● **Directions**
When the line containing "a * normalized_monomial d (J a) x)" appears in the entries below, begin printing there and stop after the line containing "f = (\<Sum>\<alpha>\<in>Al."; print each of those lines exactly and no other line.

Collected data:
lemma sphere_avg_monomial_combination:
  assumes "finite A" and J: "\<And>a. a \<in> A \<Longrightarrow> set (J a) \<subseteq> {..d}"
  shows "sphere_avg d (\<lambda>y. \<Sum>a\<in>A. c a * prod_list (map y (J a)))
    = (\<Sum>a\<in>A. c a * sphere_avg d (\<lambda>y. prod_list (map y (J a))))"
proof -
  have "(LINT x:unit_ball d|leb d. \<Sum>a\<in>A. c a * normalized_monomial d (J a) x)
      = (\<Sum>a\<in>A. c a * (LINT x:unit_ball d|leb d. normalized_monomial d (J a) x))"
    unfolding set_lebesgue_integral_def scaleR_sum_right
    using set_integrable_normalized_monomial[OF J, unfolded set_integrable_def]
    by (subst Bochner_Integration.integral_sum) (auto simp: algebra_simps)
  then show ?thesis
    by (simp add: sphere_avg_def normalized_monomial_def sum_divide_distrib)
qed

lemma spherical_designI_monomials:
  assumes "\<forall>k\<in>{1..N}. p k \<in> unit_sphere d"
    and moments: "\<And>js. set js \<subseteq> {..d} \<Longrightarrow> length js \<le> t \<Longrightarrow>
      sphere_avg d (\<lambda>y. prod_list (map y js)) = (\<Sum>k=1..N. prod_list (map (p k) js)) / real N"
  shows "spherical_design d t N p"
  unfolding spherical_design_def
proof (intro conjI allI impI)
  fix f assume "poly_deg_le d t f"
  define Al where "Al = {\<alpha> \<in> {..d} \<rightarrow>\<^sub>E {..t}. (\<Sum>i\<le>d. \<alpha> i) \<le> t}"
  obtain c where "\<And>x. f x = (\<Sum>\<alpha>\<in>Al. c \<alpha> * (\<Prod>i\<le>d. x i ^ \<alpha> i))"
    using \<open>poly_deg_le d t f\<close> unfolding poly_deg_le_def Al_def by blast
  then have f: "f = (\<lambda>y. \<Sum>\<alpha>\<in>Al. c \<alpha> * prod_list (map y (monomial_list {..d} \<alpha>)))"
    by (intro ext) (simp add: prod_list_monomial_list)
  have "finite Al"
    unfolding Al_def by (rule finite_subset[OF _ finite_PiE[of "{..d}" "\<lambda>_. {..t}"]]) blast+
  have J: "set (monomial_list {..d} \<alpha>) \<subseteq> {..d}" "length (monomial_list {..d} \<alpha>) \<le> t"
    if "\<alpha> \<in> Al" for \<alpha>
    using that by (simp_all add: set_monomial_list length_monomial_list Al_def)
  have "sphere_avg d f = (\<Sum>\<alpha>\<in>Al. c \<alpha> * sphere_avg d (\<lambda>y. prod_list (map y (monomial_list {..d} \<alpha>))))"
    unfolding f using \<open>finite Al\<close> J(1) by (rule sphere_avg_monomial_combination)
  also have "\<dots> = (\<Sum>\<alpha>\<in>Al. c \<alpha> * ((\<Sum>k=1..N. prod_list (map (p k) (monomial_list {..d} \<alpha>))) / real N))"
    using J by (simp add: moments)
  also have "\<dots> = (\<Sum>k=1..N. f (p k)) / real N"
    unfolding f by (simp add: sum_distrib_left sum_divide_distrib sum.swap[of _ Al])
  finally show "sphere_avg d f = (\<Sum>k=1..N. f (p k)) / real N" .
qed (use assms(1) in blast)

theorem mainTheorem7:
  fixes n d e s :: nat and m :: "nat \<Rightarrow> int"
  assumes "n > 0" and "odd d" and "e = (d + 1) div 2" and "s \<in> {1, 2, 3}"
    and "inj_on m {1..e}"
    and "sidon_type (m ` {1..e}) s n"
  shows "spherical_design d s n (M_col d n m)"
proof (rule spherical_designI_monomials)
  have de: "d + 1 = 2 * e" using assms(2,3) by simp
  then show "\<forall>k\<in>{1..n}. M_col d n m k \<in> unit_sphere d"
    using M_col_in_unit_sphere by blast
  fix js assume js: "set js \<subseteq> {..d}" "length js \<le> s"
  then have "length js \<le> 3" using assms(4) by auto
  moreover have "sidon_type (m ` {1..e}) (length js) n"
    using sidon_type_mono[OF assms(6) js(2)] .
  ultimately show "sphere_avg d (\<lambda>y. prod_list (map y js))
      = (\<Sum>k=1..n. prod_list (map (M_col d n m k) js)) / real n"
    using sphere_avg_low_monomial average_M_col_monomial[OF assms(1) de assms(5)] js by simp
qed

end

● **Problem solution**
  have "(LINT x:unit_ball d|leb d. \<Sum>a\<in>A. c a * normalized_monomial d (J a) x)
      = (\<Sum>a\<in>A. c a * (LINT x:unit_ball d|leb d. normalized_monomial d (J a) x))"
    unfolding set_lebesgue_integral_def scaleR_sum_right
    using set_integrable_normalized_monomial[OF J, unfolded set_integrable_def]
    by (subst Bochner_Integration.integral_sum) (auto simp: algebra_simps)
  then show ?thesis
    by (simp add: sphere_avg_def normalized_monomial_def sum_divide_distrib)
qed

lemma spherical_designI_monomials:
  assumes "\<forall>k\<in>{1..N}. p k \<in> unit_sphere d"
    and moments: "\<And>js. set js \<subseteq> {..d} \<Longrightarrow> length js \<le> t \<Longrightarrow>
      sphere_avg d (\<lambda>y. prod_list (map y js)) = (\<Sum>k=1..N. prod_list (map (p k) js)) / real N"
  shows "spherical_design d t N p"
  unfolding spherical_design_def
proof (intro conjI allI impI)
  fix f assume "poly_deg_le d t f"
  define Al where "Al = {\<alpha> \<in> {..d} \<rightarrow>\<^sub>E {..t}. (\<Sum>i\<le>d. \<alpha> i) \<le> t}"
  obtain c where "\<And>x. f x = (\<Sum>\<alpha>\<in>Al. c \<alpha> * (\<Prod>i\<le>d. x i ^ \<alpha> i))"
    using \<open>poly_deg_le d t f\<close> unfolding poly_deg_le_def Al_def by blast
  then have f: "f = (\<lambda>y. \<Sum>\<alpha>\<in>Al. c \<alpha> * prod_list (map y (monomial_list {..d} \<alpha>)))"
    by (intro ext) (simp add: prod_list_monomial_list)
  have "finite Al"
    unfolding Al_def by (rule finite_subset[OF _ finite_PiE[of "{..d}" "\<lambda>_. {..t}"]]) blast+
  have J: "set (monomial_list {..d} \<alpha>) \<subseteq> {..d}" "length (monomial_list {..d} \<alpha>) \<le> t"
    if "\<alpha> \<in> Al" for \<alpha>
    using that by (simp_all add: set_monomial_list length_monomial_list Al_def)
  have "sphere_avg d f = (\<Sum>\<alpha>\<in>Al. c \<alpha> * sphere_avg d (\<lambda>y. prod_list (map y (monomial_list {..d} \<alpha>))))"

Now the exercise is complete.